Misja HR – odpowiedzialność za przyszłość, a nie budżet
W przypadku pracy w HR rzecz idzie nie o to, żeby być ważnym działem. Nie o projekty, systemy czy raporty dla centrali, choć te, robione należycie i z wysoką jakością, są ważnym źródłem danych pomagających formułować wnioski nt. przeszłości i przewidywać trafnie przyszłość. W pracy strategicznego HR-owca chodzi o ludzi. Głównym celem HR jest dostarczanie wiarygodnych danych i argumentów pokazujących, że najważniejszym kapitałem firmy, gwarantującym jej bezpieczeństwo istnienia i silną pozycję w przyszłości, są zaangażowani i kompetentni ludzie, wpisani w ramę mądrze zaprojektowanej, elastycznej struktury. Że ten najcenniejszy kapitał, nie „miękki” ale „twardy” (bo dający się mierzyć, rozwijać i pomnażać lub trwonić) wymaga sztuki zarządzania nie tylko wynagrodzeniami, headcountem i kompetencjami, ale motywacją, zaangażowaniem, kreatywnością i różnorodnością wykraczającą daleko poza płeć. Tej sztuki zarządzania dziś wymagamy nie od specjalistów HR, tylko od sprawnych menedżerów, przygotowanych na przyszłe trendy i wyzwania biznesowe.
Zadaniem HR jest nieustannie przypominać, że dzisiejszy rynek, dzięki zmianom postaw konsumenckich, wymaga spełnienia obietnicy marki. To zaś mogą zrobić nie technologie i produkty nieróżniące się zbytnio od siebie, a wyłącznie ludzie, którzy pracują w ramach określonej, przemyślanej i budowanej z determinacją kultury. Taka zaś będzie kultura, jakie akceptowane i nagradzane na co dzień postawy i wartości oraz wynikające z nich poczucie sensu wykonywanej pracy.
Nadawanie sensu pracy
I tak doszliśmy do sedna dzisiejszego felietonu, czyli do:
- nadawania sensu pracy
- zarządzania atmosferą i energią organizacyjną oraz
- odpowiedzialności za przyszły stan kultury zarządzania i przywództwa
jako głównych wyzwań stratega HR.
Wiemy już, że kultura zje strategię na śniadanie.
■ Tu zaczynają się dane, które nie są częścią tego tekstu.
(* Let $q\in(0,1)$, $k\ge1$, and let $R:\mathbb{R}^k\to\mathbb{R}$ be a convex differentiable regularizer such that all the minimizers below exist. Run FTRL as follows for $t=1,\dots,T$: receive $g_t\in[0,1]^k$; set $\theta_t\in\arg\min_{\theta\in\mathbb{R}^k}\sum_{s=1}^{t-1}\ell_s(\theta)+R(\theta)$; predict $\hat\tau_t=\langle\theta_t,g_t\rangle$; receive $\tau_t\in[0,1]$; define the linear loss $\ell_t(\theta)=\langle\theta,g_t\rangle\,(\mathbf{1}[\tau_t\le\hat\tau_t]-q)$ (the linearization of $\theta\mapsto p_q(\langle\theta,g_t\rangle,\tau_t)$ at $\theta_t$). Let $\theta_{T+1}\in\arg\min_\theta\sum_{s=1}^{T}\ell_s(\theta)+R(\theta)$. Then for every $i\in[k]$ with $T_i>0$, $$\left|\mathrm{Cov}(\Pi_T,G_i)-q\right|\le\frac{\|\nabla R(\theta_{T+1})\|_\infty}{T_i}.$$
   Context: For $q\in(0,1)$ the pinball loss is $p_q(\hat\tau,\tau)=q(\tau-\hat\tau)$ if $\tau\ge\hat\tau$ and $p_q(\hat\tau,\tau)=(q-1)(\tau-\hat\tau)$ if $\tau<\hat\tau$. There are $k$ prediction-independent groups $G_1,\dots,G_k$ (functions of the history and context, with values in $[0,1]$, not depending on the current prediction), and $g_t=(g_{t,1},\dots,g_{t,k})$ with $g_{t,i}=G_i$ evaluated at round $t$; the sequences $g_t,\tau_t$ may be chosen adversarially. The group size is $T_i=\sum_{t=1}^T g_{t,i}$ and the group conditional coverage is $\mathrm{Cov}(\Pi_T,G_i)=\frac{1}{T_i}\sum_{t=1}^T\mathbf{1}[\hat\tau_t\ge\tau_t]\,g_{t,i}$. *)

theory Defs
  imports "HOL-Analysis.Analysis"
begin

definition pinball :: "real \<Rightarrow> real \<Rightarrow> real \<Rightarrow> real" where
  "pinball q tauhat tau = (if tau \<ge> tauhat then q * (tau - tauhat) else (q - 1) * (tau - tauhat))"

definition pred :: "(nat \<Rightarrow> real^'k) \<Rightarrow> (nat \<Rightarrow> real^'k) \<Rightarrow> nat \<Rightarrow> real" where
  "pred theta g t = theta t \<bullet> g t"

definition lin_loss :: "real \<Rightarrow> (nat \<Rightarrow> real^'k) \<Rightarrow> (nat \<Rightarrow> real^'k) \<Rightarrow> (nat \<Rightarrow> real)
    \<Rightarrow> nat \<Rightarrow> real^'k \<Rightarrow> real" where
  "lin_loss q theta g tau t th =
     (th \<bullet> g t) * ((if tau t \<le> pred theta g t then 1 else 0) - q)"

definition grad :: "(real^'k \<Rightarrow> real) \<Rightarrow> real^'k \<Rightarrow> real^'k" where
  "grad R x = (\<chi> i. frechet_derivative R (at x) (axis i 1))"

definition group_size :: "(nat \<Rightarrow> real^'k) \<Rightarrow> nat \<Rightarrow> 'k \<Rightarrow> real" where
  "group_size g T i = (\<Sum>t\<in>{1..T}. g t $ i)"

definition coverage :: "(nat \<Rightarrow> real^'k) \<Rightarrow> (nat \<Rightarrow> real^'k) \<Rightarrow> (nat \<Rightarrow> real) \<Rightarrow> nat \<Rightarrow> 'k \<Rightarrow> real" where
  "coverage theta g tau T i =
     (1 / group_size g T i) * (\<Sum>t\<in>{1..T}. (if pred theta g t \<ge> tau t then 1 else 0) * g t $ i)"

end

theory Submission
  imports Defs
begin

text \<open>The linearised losses make the objective minimised by the last iterate
  \<open>\<theta>\<^sub>T\<^sub>+\<^sub>1\<close> equal to \<open>\<langle>c, \<theta>\<rangle> + R \<theta>\<close> with
  \<open>c = \<Sum>\<^sub>t (\<one>[\<tau>\<^sub>t \<le> \<langle>\<theta>\<^sub>t, g\<^sub>t\<rangle>] - q) g\<^sub>t\<close>, whose \<open>i\<close>-th coordinate is
  \<open>T\<^sub>i (Cov - q)\<close>. First-order optimality gives \<open>c = - \<nabla>R(\<theta>\<^sub>T\<^sub>+\<^sub>1)\<close>, so
  the coverage error is a coordinate of \<open>\<nabla>R(\<theta>\<^sub>T\<^sub>+\<^sub>1)\<close> divided by \<open>T\<^sub>i\<close>.\<close>

lemma grad_eq_uminus_if_minimises_inner_plus:
  fixes R :: "real^'k \<Rightarrow> real"
  assumes diff: "R differentiable (at x)"
    and minimal: "\<And>y. c \<bullet> x + R x \<le> c \<bullet> y + R y"
  shows "grad R x = - c"
proof -
  let ?D = "frechet_derivative R (at x)"
  have "((\<lambda>y. c \<bullet> y + R y) has_derivative (\<lambda>h. c \<bullet> h + ?D h)) (at x)"
    using diff frechet_derivative_works by (auto intro!: derivative_eq_intros)
  then have "(\<lambda>h. c \<bullet> h + ?D h) = (\<lambda>h. 0)"
    by (rule has_derivative_local_min) (use minimal in simp)
  then have "c \<bullet> axis i 1 + ?D (axis i 1) = 0" for i
    by (simp add: fun_eq_iff)
  then show ?thesis
    by (simp add: grad_def vec_eq_iff inner_axis eq_neg_iff_add_eq_0 add.commute)
qed

definition cum_loss_grad ::
    "real \<Rightarrow> (nat \<Rightarrow> real^'k) \<Rightarrow> (nat \<Rightarrow> real^'k) \<Rightarrow> (nat \<Rightarrow> real) \<Rightarrow> nat \<Rightarrow> real^'k" where
  "cum_loss_grad q theta g tau T =
     (\<Sum>t\<in>{1..T}. ((if tau t \<le> pred theta g t then 1 else 0) - q) *\<^sub>R g t)"

lemma sum_lin_loss_eq_inner_cum_loss_grad:
  "(\<Sum>t\<in>{1..<T+1}. lin_loss q theta g tau t th) = cum_loss_grad q theta g tau T \<bullet> th"
  unfolding cum_loss_grad_def lin_loss_def
  by (simp add: atLeastLessThanSuc_atLeastAtMost inner_sum_right inner_commute mult.commute)

lemma coverage_minus_eq_cum_loss_grad:
  assumes "group_size g T i \<noteq> 0"
  shows "coverage theta g tau T i - q = cum_loss_grad q theta g tau T $ i / group_size g T i"
proof -
  have "cum_loss_grad q theta g tau T $ i
      = (\<Sum>t\<in>{1..T}. (if pred theta g t \<ge> tau t then 1 else 0) * g t $ i) - q * group_size g T i"
    unfolding cum_loss_grad_def group_size_def
    by (simp add: sum_component left_diff_distrib sum_subtractf sum_distrib_left)
  with assms show ?thesis
    unfolding coverage_def by (simp add: field_simps)
qed

theorem theorem8:
  fixes q :: real and R :: "real^'k \<Rightarrow> real"
    and g theta :: "nat \<Rightarrow> real^'k" and tau :: "nat \<Rightarrow> real" and T :: nat
  assumes q: "0 < q" "q < 1"
    and R_convex: "convex_on UNIV R"
    and R_diff: "\<And>x. R differentiable (at x)"
    and g_range: "\<And>t j. t \<in> {1..T} \<Longrightarrow> 0 \<le> g t $ j \<and> g t $ j \<le> 1"
    and tau_range: "\<And>t. t \<in> {1..T} \<Longrightarrow> 0 \<le> tau t \<and> tau t \<le> 1"
    and ftrl: "\<And>t th. t \<in> {1..T+1} \<Longrightarrow>
        (\<Sum>s\<in>{1..<t}. lin_loss q theta g tau s (theta t)) + R (theta t)
          \<le> (\<Sum>s\<in>{1..<t}. lin_loss q theta g tau s th) + R th"
  shows "\<forall>i. group_size g T i > 0 \<longrightarrow>
           \<bar>coverage theta g tau T i - q\<bar> \<le> infnorm (grad R (theta (T+1))) / group_size g T i"
proof (intro allI impI)
  fix i assume pos: "group_size g T i > 0"
  let ?\<theta> = "theta (T+1)"
  have "grad R ?\<theta> = - cum_loss_grad q theta g tau T"
    using ftrl[of "T+1", unfolded sum_lin_loss_eq_inner_cum_loss_grad]
    by (intro grad_eq_uminus_if_minimises_inner_plus R_diff) simp
  then have "\<bar>coverage theta g tau T i - q\<bar> = \<bar>grad R ?\<theta> $ i\<bar> / group_size g T i"
    using pos by (simp add: coverage_minus_eq_cum_loss_grad)
  also have "\<dots> \<le> infnorm (grad R ?\<theta>) / group_size g T i"
    using pos by (intro divide_right_mono component_le_infnorm_cart) simp
  finally show "\<bar>coverage theta g tau T i - q\<bar> \<le> infnorm (grad R ?\<theta>) / group_size g T i" .
qed

end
Nawet najlepsze koncepcje biznesowe polegną wobec silnej lub destrukcyjnej kultury kreowanej przecież przez ludzi, a nie korporacyjne centrale czy działy HR. Kultury budowanej w praktyce codziennego organizacyjnego życia, a nie pobożnych życzeń formułowanych na spotkaniach zarządów.
Spełnianie obietnicy marki (bo marka to drugi kluczowy kapitał firmy stanowiący o wycenie jej wartości) i prezentowanie wartości firmowych w działaniu, zależy wyłącznie od ludzi, wspieranych lub osłabianych przez lepsze lub gorsze systemy i technologie. Kultura firm zależy od wszystkich, którzy wchodzą ze sobą w interakcje w pracy.
Nowe kompetencje i kierunki działania HR
Dzisiejszy strateg HR jest już świadom potrzeby budowania marki zespołu HR, marki przywództwa czy marki własnego zarządu w organizacji. On ma większe aspiracje.
- Rozwija swoją kadrę kierowniczą tak, by potrafiła w zrozumiały i motywujący sposób mówić o strategii, kulturze i wartościach oraz budować zaufanie niezbędne do tworzenia kultury innowacji.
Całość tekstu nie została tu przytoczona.